[Saved data entries]
lemma degree_legendre: "degree (legendre n) = n"
proof (rule antisym)
  show "degree (legendre n) \<le> n" by (rule degree_le) (simp add: coeff_legendre)
  show "n \<le> degree (legendre n)" by (rule le_degree) (simp add: coeff_legendre)
qed

lemma legendre_nonzero: "legendre n \<noteq> 0"
  using coeff_legendre[of n n] by auto

lemma legendre_op_legendre: "legendre_op (legendre n) = smult (- legendre_eigenvalue n) (legendre n)"
proof (rule poly_eqI)
  fix k
  show "coeff (legendre_op (legendre n)) k = coeff (smult (- legendre_eigenvalue n) (legendre n)) k"
  proof (cases "n < k")
    case True then show ?thesis by (simp add: coeff_legendre_op coeff_legendre)
  next
    case False
    then consider "k = n" | "Suc k = n" | "k + 2 \<le> n" by linarith
    then show ?thesis
    proof cases
      case 1 then show ?thesis
        by (simp add: coeff_legendre_op coeff_legendre legendre_eigenvalue_def algebra_simps)
    next
      case 2 then have "n - k = Suc 0" by simp
      with 2 show ?thesis by (simp add: coeff_legendre_op coeff_legendre legendre_eigenvalue_def)
    next
      case 3
      define j where "j = n - k - 2"
      have nk: "n - k = Suc (Suc j)" "n - (k+2) = j" using 3 by (auto simp: j_def)
      have nj: "n - j = k + 2" "n - j - 1 = k + 1" "n - j - 2 = k" using 3 by (auto simp: j_def)
      have "k*(k+1) < n*(n+1)" using 3 by (intro mult_strict_mono) auto
      then have nonzero: "real (k*(k+1)) - real (n*(n+1)) \<noteq> 0" by linarith
      have "coeff (legendre n) k
          = real ((k+2)*(k+1)) * legendre_coeff_from_top n j / (real (k*(k+1)) - real (n*(n+1)))"
        using 3 by (simp add: coeff_legendre nk nj mult.commute)
      moreover have "coeff (legendre n) (k+2) = legendre_coeff_from_top n j"
        using 3 by (simp add: coeff_legendre j_def)
      ultimately show ?thesis using nonzero
        by (simp add: coeff_legendre_op legendre_eigenvalue_def field_simps)
    qed
  qed
qed

lemma legendre_eigenvalue_strict_mono: "strict_mono legendre_eigenvalue"
  by (rule strict_monoI) (auto simp: legendre_eigenvalue_def intro!: mult_strict_mono)

lemma legendre_eigenvalue_pos: "n \<ge> 1 \<Longrightarrow> legendre_eigenvalue n > 0"
  by (simp add: legendre_eigenvalue_def)

lemma legendre_eigenvalue_nonneg: "legendre_eigenvalue n \<ge> 0"
  by (simp add: legendre_eigenvalue_def)

definition legendre_sum :: "(nat \<Rightarrow> real) \<Rightarrow> nat \<Rightarrow> real poly" where
  "legendre_sum \<beta> M = (\<Sum>n\<le>M. smult (\<beta> n) (legendre n))"

lemma degree_legendre_sum: "degree (legendre_sum \<beta> M) \<le> M"
  unfolding legendre_sum_def
  by (rule degree_sum_le) (auto intro: order_trans[OF degree_smult_le] simp: degree_legendre)

lemma legendre_expansion: "degree Q \<le> M \<Longrightarrow> \<exists>\<beta>. Q = legendre_sum \<beta> M"
  unfolding legendre_sum_def
proof (induction M arbitrary: Q)
  case 0
  then obtain c where "Q = [:c:]" by (metis degree0_coeffs le_zero_eq)
  moreover have "legendre 0 = 1" by (simp add: legendre_def)
  ultimately show ?case by (intro exI[of _ "\<lambda>_. c"]) simp
next
  case (Suc M)
  define c where "c = coeff Q (Suc M) / lead_coeff (legendre (Suc M))"
  define R where "R = Q - smult c (legendre (Suc M))"
  have lc: "lead_coeff (legendre (Suc M)) \<noteq> 0" using legendre_nonzero by simp
  have "coeff R i = 0" if "M < i" for i
  proof (cases "i = Suc M")
    case True then show ?thesis using lc by (simp add: R_def c_def degree_legendre)
  next
    case False then show ?thesis using Suc.prems that by (simp add: R_def coeff_eq_0 degree_legendre)
  qed
  then have "degree R \<le> M" by (intro degree_le) auto
  then obtain \<beta> where "R = (\<Sum>n\<le>M. smult (\<beta> n) (legendre n))" using Suc.IH by blast
  then have "Q = (\<Sum>n\<le>Suc M. smult ((\<beta>(Suc M := c)) n) (legendre n))"
    by (simp add: R_def)
  then show ?case by blast
qed

definition poly_integral :: "real poly \<Rightarrow> real" where
  "poly_integral r = integral {-1..1} (poly r)"
text \<open>An edge spans at most \<open>L \<le> p\<close> levels, so it
  lies within one slab or crosses from slab \<open>q\<close> into the bottom window of slab \<open>q + 1\<close>, where
  the two colourings agree by the window hypothesis.\<close>

definition periodize :: "('a \<Rightarrow> nat) \<Rightarrow> int \<Rightarrow> int \<Rightarrow> 'a \<Rightarrow> nat" where
  "periodize c i p v = c (funpow_int t (- (slab i p v * p)) v)"

lemma periodize_funpow_int:
  assumes "0 < p"
  shows "periodize c i p (funpow_int t p v) = periodize c i p v"
proof -
  have "- ((slab i p v + 1) * p) + p = - (slab i p v * p)" by (simp add: algebra_simps)
  then show ?thesis unfolding periodize_def slab_funpow_int[OF assms]
    by (simp only: funpow_int_add_apply[OF bij_t, symmetric])
qed

lemma proper_periodize:
  assumes proper: "proper_coloring E c"
    and L: "\<And>u v. E u v \<Longrightarrow> \<bar>h v - h u\<bar> \<le> L" and "L \<le> p" "0 < p"
    and window: "\<And>y. i \<le> h y \<Longrightarrow> h y < i + L \<Longrightarrow> c (funpow_int t p y) = c y"
  shows "proper_coloring E (periodize c i p)"
proof -
  have upward: "periodize c i p u \<noteq> periodize c i p v" if e: "E u v" and le: "h u \<le> h v" for u v
  proof -
    define f where "f = funpow_int t (- (slab i p u * p))"
    have "E (f u) (f v)"
      using e automorphism_adj_iff[OF funpow_int_automorphism[OF t_automorphism]]
      unfolding f_def by blast
    then have c_f: "c (f u) \<noteq> c (f v)" using proper by (simp add: proper_coloring_def)
    from slab_adj[OF L \<open>L \<le> p\<close> \<open>0 < p\<close> e le] show ?thesis
    proof
      assume "slab i p v = slab i p u"
      then show ?thesis using c_f unfolding periodize_def f_def by simp
    next
      assume q: "slab i p v = slab i p u + 1"
      define w where "w = funpow_int t (- ((slab i p u + 1) * p)) v"
      have "f v = funpow_int t p w"
        unfolding f_def w_def by (simp add: funpow_int_add_apply[OF bij_t, symmetric] algebra_simps)
      moreover have "i \<le> h w" "h w < i + L"
        using slab_bounds[OF \<open>0 < p\<close>, where i = i and v = v]
          slab_bounds[OF \<open>0 < p\<close>, where i = i and v = u] L[OF e] le q
        unfolding w_def h_funpow_int by (simp_all add: algebra_simps)
      ultimately have "c (f v) = c w" using window by simp
      then show ?thesis using c_f q unfolding periodize_def f_def w_def by simp
    qed
  qed
  show ?thesis
    unfolding proper_coloring_def
  proof (intro allI impI)
    fix u v assume "E u v"
    show "periodize c i p u \<noteq> periodize c i p v"
    proof (cases "h u \<le> h v")
      case True
      with upward \<open>E u v\<close> show ?thesis by blast
    next
      case False
      with upward[OF adj_sym[OF \<open>E u v\<close>]] show ?thesis by simp
    qed
  qed
qed
text \<open>Since \<open>\<theta>\<close> is positive on the support of \<open>\<nu>\<close>, \<open>x - \<epsilon> z\<close> stays in the cone for
  small \<open>\<epsilon> > 0\<close>; adding \<open>\<epsilon> z\<close> back via \<open>\<gamma>\<close> yields a representation of \<open>x\<close> that is
  positive at \<open>s\<close>.\<close>

lemma support_subset_maximal_support:
  assumes S: "finite S" and \<theta>: "conic_repr S x \<theta>"
    and max: "\<And>c s. conic_repr S x c \<Longrightarrow> s \<in> S \<Longrightarrow> 0 < c s \<Longrightarrow> 0 < \<theta> s"
    and z: "z \<in> convex_cone hull {s \<in> S. 0 < \<theta> s}" and \<gamma>: "conic_repr S z \<gamma>"
    and s: "s \<in> S" "0 < \<gamma> s"
  shows "0 < \<theta> s"
proof -
  obtain \<nu> where \<nu>: "conic_repr S z \<nu>" "\<forall>t\<in>S - {s \<in> S. 0 < \<theta> s}. \<nu> t = 0"
    using z convex_cone_hull_subset_finite[OF S, of "{s \<in> S. 0 < \<theta> s}"] by blast
  have "\<forall>t\<in>S. 0 \<le> \<theta> t" using \<theta> unfolding conic_repr_def by blast
  moreover have "\<forall>t\<in>S. 0 < \<nu> t \<longrightarrow> 0 < \<theta> t" using \<nu>(2) by force
  ultimately obtain \<epsilon> where \<epsilon>: "0 < \<epsilon>" "\<forall>t\<in>S. \<epsilon> * \<nu> t \<le> \<theta> t"
    using exists_pos_scale_le[OF S] by blast
  define c where "c t = \<theta> t - \<epsilon> * \<nu> t + \<epsilon> * \<gamma> t" for t
  have "(\<Sum>t\<in>S. c t *\<^sub>R t)
      = (\<Sum>t\<in>S. \<theta> t *\<^sub>R t) - \<epsilon> *\<^sub>R (\<Sum>t\<in>S. \<nu> t *\<^sub>R t) + \<epsilon> *\<^sub>R (\<Sum>t\<in>S. \<gamma> t *\<^sub>R t)"
    unfolding c_def
    by (simp add: scaleR_add_left scaleR_diff_left sum.distrib sum_subtractf scaleR_sum_right)
  also have "\<dots> = x" using \<theta> \<nu>(1) \<gamma> by (simp add: conic_repr_def)
  moreover have "0 \<le> c t" if "t \<in> S" for t
  proof -
    have "0 \<le> \<epsilon> * \<gamma> t" using \<epsilon>(1) \<gamma> that by (simp add: conic_repr_def)
    with \<epsilon>(2) that show ?thesis unfolding c_def by fastforce
  qed
  ultimately have "conic_repr S x c" unfolding conic_repr_def by simp
  moreover have "0 < c s"
  proof -
    have "0 < \<epsilon> * \<gamma> s" using \<epsilon>(1) s(2) by simp
    with \<epsilon>(2) s(1) show ?thesis unfolding c_def by fastforce
  qed
  ultimately show ?thesis using max s by blast
qed

lemma maximal_support_face_of:
  assumes S: "finite S" and \<theta>: "conic_repr S x \<theta>"
    and max: "\<And>c s. conic_repr S x c \<Longrightarrow> s \<in> S \<Longrightarrow> 0 < c s \<Longrightarrow> 0 < \<theta> s"
  defines "T \<equiv> {s \<in> S. 0 < \<theta> s}"
  shows "convex_cone hull T face_of convex_cone hull S"
    and "{a \<in> S. a \<in> convex_cone hull T} = T"
proof -
  have TS: "T \<subseteq> S" unfolding T_def by blast
  have absorb: "\<gamma> s = 0" if "z \<in> convex_cone hull T" "conic_repr S z \<gamma>" "s \<in> S - T" for z \<gamma> s
  proof (rule ccontr)
    assume "\<gamma> s \<noteq> 0"
    with that(2,3) have "0 < \<gamma> s" by (auto simp: conic_repr_def less_le)
    with support_subset_maximal_support[OF S \<theta> max _ that(2)] that(1,3) show False
      unfolding T_def by auto
  qed
  show "convex_cone hull T face_of convex_cone hull S"
    unfolding face_of_def
  proof (intro conjI ballI impI)
    show "convex_cone hull T \<subseteq> convex_cone hull S" by (rule hull_mono[OF TS])
    show "convex (convex_cone hull T)" by (rule convex_convex_cone_hull)
    fix a b z assume a: "a \<in> convex_cone hull S" and b: "b \<in> convex_cone hull S"
      and z: "z \<in> convex_cone hull T" and seg: "z \<in> open_segment a b"
    obtain u where u: "0 < u" "u < 1" "z = (1 - u) *\<^sub>R a + u *\<^sub>R b"
      using seg unfolding in_segment by blast
    obtain \<alpha> \<beta> where \<alpha>: "conic_repr S a \<alpha>" and \<beta>: "conic_repr S b \<beta>"
      using a b convex_cone_hull_finite[OF S] by blast
    have "conic_repr S z (\<lambda>s. (1 - u) * \<alpha> s + u * \<beta> s)"
      using \<alpha> \<beta> u unfolding conic_repr_def
      by (auto simp: scaleR_add_left sum.distrib scaleR_sum_right)
    then have "(1 - u) * \<alpha> s + u * \<beta> s = 0" if "s \<in> S - T" for s
      using absorb[OF z] that by blast
    moreover have "0 \<le> \<alpha> s" "0 \<le> \<beta> s" if "s \<in> S" for s
      using \<alpha> \<beta> that unfolding conic_repr_def by auto
    ultimately have "\<alpha> s = 0 \<and> \<beta> s = 0" if "s \<in> S - T" for s
      using u that by (auto simp: add_nonneg_eq_0_iff)
    then show "a \<in> convex_cone hull T" "b \<in> convex_cone hull T"
      using \<alpha> \<beta> convex_cone_hull_subset_finite[OF S TS] by blast+
  qed
  show "{a \<in> S. a \<in> convex_cone hull T} = T"
  proof
    show "T \<subseteq> {a \<in> S. a \<in> convex_cone hull T}" using TS by (auto intro: hull_inc)
  next
    show "{a \<in> S. a \<in> convex_cone hull T} \<subseteq> T"
    proof safe
      fix s assume s: "s \<in> S" "s \<in> convex_cone hull T"
      have "conic_repr S s (\<lambda>t. if t = s then 1 else 0)"
        using S s unfolding conic_repr_def by (simp add: if_distrib[of "\<lambda>r. r *\<^sub>R _"] cong: if_cong)
      then show "s \<in> T" using absorb[OF s(2)] s(1) by fastforce
    qed
  qed
qed
definition tail_indicator :: "real \<Rightarrow> ('x \<Rightarrow> 'y \<Rightarrow> real) \<Rightarrow> (nat \<Rightarrow> 'x) \<Rightarrow> (nat \<Rightarrow> bool) \<Rightarrow> nat
    \<Rightarrow> nat \<times> nat \<Rightarrow> (nat \<Rightarrow> 'y) \<Rightarrow> real" where
  "tail_indicator \<beta> s X A n p y = of_bool (1 - \<beta> \<le> pair_cdf_below s X A n y (pair_score s X y p))"

lemma sum_pair_weight_tail_indicator_le:
  assumes "N0 A n \<noteq> 0" "0 \<le> \<beta>"
  shows "(\<Sum>p\<in>index_pairs n. pair_weight X A n p * tail_indicator \<beta> s X A n p y) \<le> \<beta>"
  using weighted_upper_tail_le[OF finite_index_pairs pair_weight_nonneg sum_pair_weight[OF assms(1)] assms(2),
      where a = "pair_score s X y"]
  unfolding tail_indicator_def pair_cdf_below_def .

lemma tail_indicator_if_quantile_less:
  assumes "quant2 \<beta> s X A n y < ereal (pair_score s X y p)"
  shows "tail_indicator \<beta> s X A n p y = 1"
proof -
  obtain t where t: "1 - \<beta> \<le> mixcdf s X A n y t" "t < ereal (pair_score s X y p)"
    using assms unfolding quant2_def by (auto simp: Inf_less_iff)
  have "mixcdf s X A n y t \<le> pair_cdf_below s X A n y (pair_score s X y p)"
    unfolding mixcdf_eq_pair_weights pair_cdf_below_def
  proof (intro sum_mono mult_left_mono pair_weight_nonneg)
    fix q
    have "ereal (pair_score s X y q) \<le> min (Sbar s X A y (fst q)) (Sbar s X A y (snd q))"
      unfolding pair_score_def Sbar_def by auto
    then have "ereal (pair_score s X y q) < ereal (pair_score s X y p)"
      if "min (Sbar s X A y (fst q)) (Sbar s X A y (snd q)) \<le> t"
      using that t(2) by (meson order.trans le_less_trans)
    then show "of_bool (min (Sbar s X A y (fst q)) (Sbar s X A y (snd q)) \<le> t)
        \<le> (of_bool (pair_score s X y q < pair_score s X y p) :: real)"
      by auto
  qed
  with t(1) show ?thesis unfolding tail_indicator_def by simp
qed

#### Try it
Answer with a number only. How many lines in the records include the word "positive"?

#### Exercise output
2